* _Activity_
Set the records down again. Match every line exactly.

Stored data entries
-*-

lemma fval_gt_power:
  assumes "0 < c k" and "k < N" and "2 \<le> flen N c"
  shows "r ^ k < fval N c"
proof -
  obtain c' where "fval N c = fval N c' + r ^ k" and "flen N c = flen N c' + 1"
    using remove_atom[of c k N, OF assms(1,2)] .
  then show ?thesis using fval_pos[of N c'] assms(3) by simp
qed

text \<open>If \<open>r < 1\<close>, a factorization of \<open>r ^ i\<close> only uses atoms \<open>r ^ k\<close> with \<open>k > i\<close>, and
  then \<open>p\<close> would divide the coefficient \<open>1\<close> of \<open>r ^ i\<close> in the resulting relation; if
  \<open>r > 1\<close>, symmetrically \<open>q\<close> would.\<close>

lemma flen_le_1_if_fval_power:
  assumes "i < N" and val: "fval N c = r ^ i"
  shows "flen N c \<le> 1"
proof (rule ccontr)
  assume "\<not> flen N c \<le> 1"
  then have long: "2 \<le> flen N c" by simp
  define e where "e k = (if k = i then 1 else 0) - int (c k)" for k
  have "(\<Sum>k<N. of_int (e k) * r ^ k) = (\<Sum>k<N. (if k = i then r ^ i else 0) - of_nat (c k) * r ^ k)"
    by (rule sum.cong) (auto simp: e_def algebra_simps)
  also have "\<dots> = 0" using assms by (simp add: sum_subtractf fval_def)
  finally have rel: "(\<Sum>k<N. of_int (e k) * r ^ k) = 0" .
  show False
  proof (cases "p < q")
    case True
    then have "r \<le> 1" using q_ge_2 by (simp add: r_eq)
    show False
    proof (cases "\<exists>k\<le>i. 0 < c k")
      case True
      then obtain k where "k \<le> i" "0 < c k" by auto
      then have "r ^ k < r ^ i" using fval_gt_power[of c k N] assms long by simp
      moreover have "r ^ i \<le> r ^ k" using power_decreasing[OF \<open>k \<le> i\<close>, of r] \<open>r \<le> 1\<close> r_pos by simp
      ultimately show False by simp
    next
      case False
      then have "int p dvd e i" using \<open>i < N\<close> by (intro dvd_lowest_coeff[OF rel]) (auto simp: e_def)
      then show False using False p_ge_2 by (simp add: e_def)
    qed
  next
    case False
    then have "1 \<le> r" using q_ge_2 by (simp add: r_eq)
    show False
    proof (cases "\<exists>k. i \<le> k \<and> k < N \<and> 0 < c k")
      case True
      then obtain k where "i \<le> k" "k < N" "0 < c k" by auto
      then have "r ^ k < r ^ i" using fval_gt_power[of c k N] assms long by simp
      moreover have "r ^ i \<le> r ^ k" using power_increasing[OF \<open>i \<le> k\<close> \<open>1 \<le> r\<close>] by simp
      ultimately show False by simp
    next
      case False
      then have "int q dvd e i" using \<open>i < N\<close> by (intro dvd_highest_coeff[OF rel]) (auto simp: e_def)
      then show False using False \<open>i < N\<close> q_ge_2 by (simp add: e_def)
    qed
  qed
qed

-*-

* _Answer to the problem_
lemma fval_gt_power:
  assumes "0 < c k" and "k < N" and "2 \<le> flen N c"
  shows "r ^ k < fval N c"
proof -
  obtain c' where "fval N c = fval N c' + r ^ k" and "flen N c = flen N c' + 1"
    using remove_atom[of c k N, OF assms(1,2)] .
  then show ?thesis using fval_pos[of N c'] assms(3) by simp
qed

text \<open>If \<open>r < 1\<close>, a factorization of \<open>r ^ i\<close> only uses atoms \<open>r ^ k\<close> with \<open>k > i\<close>, and
  then \<open>p\<close> would divide the coefficient \<open>1\<close> of \<open>r ^ i\<close> in the resulting relation; if
  \<open>r > 1\<close>, symmetrically \<open>q\<close> would.\<close>

lemma flen_le_1_if_fval_power:
  assumes "i < N" and val: "fval N c = r ^ i"
  shows "flen N c \<le> 1"
proof (rule ccontr)
  assume "\<not> flen N c \<le> 1"
  then have long: "2 \<le> flen N c" by simp
  define e where "e k = (if k = i then 1 else 0) - int (c k)" for k
  have "(\<Sum>k<N. of_int (e k) * r ^ k) = (\<Sum>k<N. (if k = i then r ^ i else 0) - of_nat (c k) * r ^ k)"
    by (rule sum.cong) (auto simp: e_def algebra_simps)
  also have "\<dots> = 0" using assms by (simp add: sum_subtractf fval_def)
  finally have rel: "(\<Sum>k<N. of_int (e k) * r ^ k) = 0" .
  show False
  proof (cases "p < q")
    case True
    then have "r \<le> 1" using q_ge_2 by (simp add: r_eq)
    show False
    proof (cases "\<exists>k\<le>i. 0 < c k")
      case True
      then obtain k where "k \<le> i" "0 < c k" by auto
      then have "r ^ k < r ^ i" using fval_gt_power[of c k N] assms long by simp
      moreover have "r ^ i \<le> r ^ k" using power_decreasing[OF \<open>k \<le> i\<close>, of r] \<open>r \<le> 1\<close> r_pos by simp
      ultimately show False by simp
    next
      case False
      then have "int p dvd e i" using \<open>i < N\<close> by (intro dvd_lowest_coeff[OF rel]) (auto simp: e_def)
      then show False using False p_ge_2 by (simp add: e_def)
    qed
  next
    case False
    then have "1 \<le> r" using q_ge_2 by (simp add: r_eq)
    show False
    proof (cases "\<exists>k. i \<le> k \<and> k < N \<and> 0 < c k")
      case True
      then obtain k where "i \<le> k" "k < N" "0 < c k" by auto
      then have "r ^ k < r ^ i" using fval_gt_power[of c k N] assms long by simp
      moreover have "r ^ i \<le> r ^ k" using power_increasing[OF \<open>i \<le> k\<close> \<open>1 \<le> r\<close>] by simp
      ultimately show False by simp
    next
      case False
      then have "int q dvd e i" using \<open>i < N\<close> by (intro dvd_highest_coeff[OF rel]) (auto simp: e_def)
      then show False using False \<open>i < N\<close> q_ge_2 by (simp add: e_def)
    qed
  qed
qed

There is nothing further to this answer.